По логике вещей: если ты обнаружил во дворе человека без признаков жизни, следует поднять крик, звать на помощь, бежать к телефону и вызванивать "скорую", но баба Тоня – она ведь тоже из рода молчаливых барачных женщин – просто стояла и, покашливая, наблюдала, как я пробую встать на четвереньки.

Я дополз до старой липы, цепляясь за ствол, кое-как поднялся. Собака отошла, присела рядом с Тоней.

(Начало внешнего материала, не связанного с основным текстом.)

(* Let $\alpha\in(0,1)\cup(1,\infty)$ and let $W_1:X\mapsto Y_1$ and $W_2:X\mapsto Y_2$ be BISO channels with the same $\alpha$-capacity $C_\alpha$ and with $\alpha$-Lorenz curves $F_{\alpha,1}$ and $F_{\alpha,2}$ (both defined on the common interval $[0,d_C]$). Suppose $F_{\alpha,1}(t)\le F_{\alpha,2}(t)$ for all $t\in[0,d_C]$. Then: if $\alpha>1$, or $\frac12\le\alpha<1$, or $0<\alpha\le\frac13$, $W_1$ is $\alpha$-more capable than $W_2$; and if $\frac13\le\alpha\le\frac12$, $W_2$ is $\alpha$-more capable than $W_1$.
   Context: A binary input symmetric output (BISO) channel has input alphabet $\{0,1\}$ and output alphabet $\{0,\pm1,\dots,\pm l\}$ with $P_{Y|X}(y|0)=P_{Y|X}(-y|1)=:p_y$. The output $0$ (if present) is split into two outputs $0_+$ and $0_-$ with $P_{Y|X}(0_+|0)=P_{Y|X}(0_-|0)=p_0/2$ (and symmetrically for input $1$), so that the outputs are grouped into symmetric pairs $\{y,-y\}$, indexed below by "$y>0$". For $\beta>0$ let $k_\beta(q)=q^\beta+(1-q)^\beta$ for $q\in[0,1]$. Sibson's Rényi mutual information of an input distribution $P_X$ on $\{0,1\}$ and channel $P_{Y|X}$ is $I^S_\alpha(X:Y)=\frac{\alpha}{\alpha-1}\log\sum_y\big(\sum_x P_X(x)P_{Y|X}(y|x)^\alpha\big)^{1/\alpha}$; the $\alpha$-capacity is $C_\alpha(P_{Y|X})=\sup_{P_X}I^S_\alpha(X:Y)$. A channel $W_1:X\mapsto Y_1$ is $\alpha$-more capable than $W_2:X\mapsto Y_2$ if $I^S_\alpha(X:Y_1)\ge I^S_\alpha(X:Y_2)$ for every input distribution $P_X$. For a BISO channel, set $d_C=\sum_{y>0}(p_y^\alpha+p_{-y}^\alpha)^{1/\alpha}$ (for BISO channels $C_\alpha=\log2-\frac{\alpha}{\alpha-1}\log d_C$, so channels with equal $\alpha$-capacity have equal $d_C$). The $\alpha$-BISO partition: order the pairs $y>0$ by a permutation $\pi$ so that $k_{1/\alpha}\big(\frac{p_{\pi_i}^\alpha}{p_{\pi_i}^\alpha+p_{-\pi_i}^\alpha}\big)$ is ascending in $i$, and set $t_0=0$, $t_k=\sum_{i=1}^k(p_{\pi_i}^\alpha+p_{-\pi_i}^\alpha)^{1/\alpha}$. The $\alpha$-BISO curve is the step function $f_\alpha$ with $f_\alpha(0)=0$ and $f_\alpha(t)=k_{1/\alpha}\big(\frac{p_{\pi_k}^\alpha}{p_{\pi_k}^\alpha+p_{-\pi_k}^\alpha}\big)$ on $(t_{k-1},t_k]$. The $\alpha$-Lorenz curve is $F_\alpha(t)=\int_0^t f_\alpha(\tau)\,d\tau$ for $t\in[0,d_C]$. *)

theory Defs
  imports "HOL-Analysis.Analysis"
begin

Я отдышался, собрался с силами.

Теперь они в четыре глаза спокойно наблюдали, как я дергаю дверцу автомобиля, нахожу ее запертой и вообще нахожу, что ничего не похищено, даже "дворник", который я позабыл снять, потом баба Тоня повернулась ко мне спиной и побрела в сторону детской площадки, следом за ней двинулась собака.

9

Александру Александровичу Фадееву я послал воздушный привет, а рыжую поцеловал в щеку.

Сан Саныч был угрюм, молчалив, запылен и отвечал на приветствие демоническим взглядом.

Рыжая отвечала – братским поцелуем и упреком: я, скотина такая, совсем перестал показываться, живем же в пяти минутах ходьбы друг от друга, неужели так трудно зайти проведать...

Мы знакомы давным-давно – когда-то под нашим старым добрым небом учились в одной школе, правда, она тремя классами младше. Маленькая, рыженькая – она напоминала юркого, проворного зверька с пушистым хвостом, бесстрашно прыгающего с ветки на ветку, потому и звали ее у нас в Агаповом тупике Белкой. Последние пятнадцать лет мы вместе предавались трем полезным для здоровья занятиям: катались на лыжах в Терсколе, изредка попивали винцо и спали в одной постели.

Что касается постели, то года полтора назад мы начали потихоньку остывать к этому занятию. Наверное просто устали: она – от меня, а я – от нее.

– Как жизнь, рыжая?  – спросил я, покосившись на Белинского; она в ответ рассеянно пожала плечами.

Значит, никак. Ну что ж, это понятно, все мы никакие люди в никаком городе.

Неистовый Виссарион смотрел на меня так, будто хотел испепелить взглядом.

Я всегда очень неуютно чувствую себя в этой библиотеке где на стенах под самым потолком в овальных лепных рамах стоят намалеванные масляной краской лица гигантов духа: на торцовых стенах – Белинский и Добролюбов, а с фронта на тебя гневно взирают Фадеев, Горький и Маяковский.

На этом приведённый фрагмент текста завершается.